■ TASK INSTRUCTIONS
If a line in the data contains "blast", copy it out.

■ DATA FOR REVIEW
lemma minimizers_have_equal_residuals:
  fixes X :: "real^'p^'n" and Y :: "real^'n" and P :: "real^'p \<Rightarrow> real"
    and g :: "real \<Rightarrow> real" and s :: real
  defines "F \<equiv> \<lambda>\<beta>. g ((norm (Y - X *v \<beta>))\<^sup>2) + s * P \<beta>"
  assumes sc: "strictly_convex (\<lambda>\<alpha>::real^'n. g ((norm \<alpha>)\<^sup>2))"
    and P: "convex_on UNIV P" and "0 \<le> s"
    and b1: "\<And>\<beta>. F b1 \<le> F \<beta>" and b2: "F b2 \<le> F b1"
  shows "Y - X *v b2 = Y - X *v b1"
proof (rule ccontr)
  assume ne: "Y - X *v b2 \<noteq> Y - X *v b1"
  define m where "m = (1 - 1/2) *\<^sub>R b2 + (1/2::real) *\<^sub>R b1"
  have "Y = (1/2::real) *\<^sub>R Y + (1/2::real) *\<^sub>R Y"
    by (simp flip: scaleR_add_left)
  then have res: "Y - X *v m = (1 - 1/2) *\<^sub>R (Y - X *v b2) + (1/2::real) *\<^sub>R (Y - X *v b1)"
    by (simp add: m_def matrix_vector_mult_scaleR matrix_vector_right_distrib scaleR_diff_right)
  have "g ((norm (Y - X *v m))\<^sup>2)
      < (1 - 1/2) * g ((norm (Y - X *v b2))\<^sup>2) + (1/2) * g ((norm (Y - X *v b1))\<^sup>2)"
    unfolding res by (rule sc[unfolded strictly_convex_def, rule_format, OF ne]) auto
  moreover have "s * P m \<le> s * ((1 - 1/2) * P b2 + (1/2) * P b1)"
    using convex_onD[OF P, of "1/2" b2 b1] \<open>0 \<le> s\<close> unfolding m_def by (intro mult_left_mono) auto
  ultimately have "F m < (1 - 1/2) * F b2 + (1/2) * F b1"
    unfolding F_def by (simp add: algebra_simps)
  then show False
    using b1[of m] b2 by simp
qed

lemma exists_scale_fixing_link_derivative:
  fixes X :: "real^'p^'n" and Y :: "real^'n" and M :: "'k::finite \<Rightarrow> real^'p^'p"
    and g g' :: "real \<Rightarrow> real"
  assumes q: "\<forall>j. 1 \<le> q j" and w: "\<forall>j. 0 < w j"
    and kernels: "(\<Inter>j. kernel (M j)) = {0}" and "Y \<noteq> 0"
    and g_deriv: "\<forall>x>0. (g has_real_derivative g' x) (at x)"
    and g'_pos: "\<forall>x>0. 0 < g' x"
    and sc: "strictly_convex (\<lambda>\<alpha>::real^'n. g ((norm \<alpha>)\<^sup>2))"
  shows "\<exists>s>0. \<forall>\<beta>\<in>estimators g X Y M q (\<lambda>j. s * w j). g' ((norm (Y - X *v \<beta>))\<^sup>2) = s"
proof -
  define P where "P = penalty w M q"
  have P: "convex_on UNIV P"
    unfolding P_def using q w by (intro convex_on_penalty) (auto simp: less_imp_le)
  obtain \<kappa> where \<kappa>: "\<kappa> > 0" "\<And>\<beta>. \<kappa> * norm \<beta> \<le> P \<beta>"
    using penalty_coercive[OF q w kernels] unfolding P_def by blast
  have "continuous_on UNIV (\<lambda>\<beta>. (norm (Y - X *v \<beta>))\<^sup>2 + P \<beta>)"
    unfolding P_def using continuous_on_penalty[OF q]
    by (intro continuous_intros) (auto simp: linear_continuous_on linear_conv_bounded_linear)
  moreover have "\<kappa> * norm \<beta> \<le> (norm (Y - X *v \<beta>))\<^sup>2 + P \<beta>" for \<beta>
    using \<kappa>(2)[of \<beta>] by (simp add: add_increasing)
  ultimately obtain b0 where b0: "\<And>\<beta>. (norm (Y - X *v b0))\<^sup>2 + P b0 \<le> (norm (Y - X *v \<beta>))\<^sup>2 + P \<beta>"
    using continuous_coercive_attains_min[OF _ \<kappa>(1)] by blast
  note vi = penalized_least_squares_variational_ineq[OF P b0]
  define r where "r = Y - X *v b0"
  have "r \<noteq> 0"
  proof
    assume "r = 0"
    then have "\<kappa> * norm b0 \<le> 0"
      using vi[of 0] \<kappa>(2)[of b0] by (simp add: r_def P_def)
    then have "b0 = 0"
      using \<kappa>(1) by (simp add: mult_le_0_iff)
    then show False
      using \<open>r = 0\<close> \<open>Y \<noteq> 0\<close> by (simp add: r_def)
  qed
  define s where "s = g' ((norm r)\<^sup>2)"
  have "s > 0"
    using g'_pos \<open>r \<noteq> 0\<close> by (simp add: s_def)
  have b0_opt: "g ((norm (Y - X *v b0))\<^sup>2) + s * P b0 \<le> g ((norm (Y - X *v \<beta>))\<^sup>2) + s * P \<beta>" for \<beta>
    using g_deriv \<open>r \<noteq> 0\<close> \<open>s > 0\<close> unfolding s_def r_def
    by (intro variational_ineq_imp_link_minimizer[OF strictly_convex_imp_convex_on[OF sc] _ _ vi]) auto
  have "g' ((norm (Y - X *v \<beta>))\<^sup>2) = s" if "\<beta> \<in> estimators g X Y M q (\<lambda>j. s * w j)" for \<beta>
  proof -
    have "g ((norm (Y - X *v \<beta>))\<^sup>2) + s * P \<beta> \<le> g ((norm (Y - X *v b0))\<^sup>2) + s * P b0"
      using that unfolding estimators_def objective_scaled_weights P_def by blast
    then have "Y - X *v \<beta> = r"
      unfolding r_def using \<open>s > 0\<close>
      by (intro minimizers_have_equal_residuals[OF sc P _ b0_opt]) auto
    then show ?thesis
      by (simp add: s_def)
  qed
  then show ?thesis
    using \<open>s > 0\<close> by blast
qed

■ EXERCISE RESPONSE
    using penalty_coercive[OF q w kernels] unfolding P_def by blast
    using continuous_coercive_attains_min[OF _ \<kappa>(1)] by blast
      using that unfolding estimators_def objective_scaled_weights P_def by blast
    using \<open>s > 0\<close> by blast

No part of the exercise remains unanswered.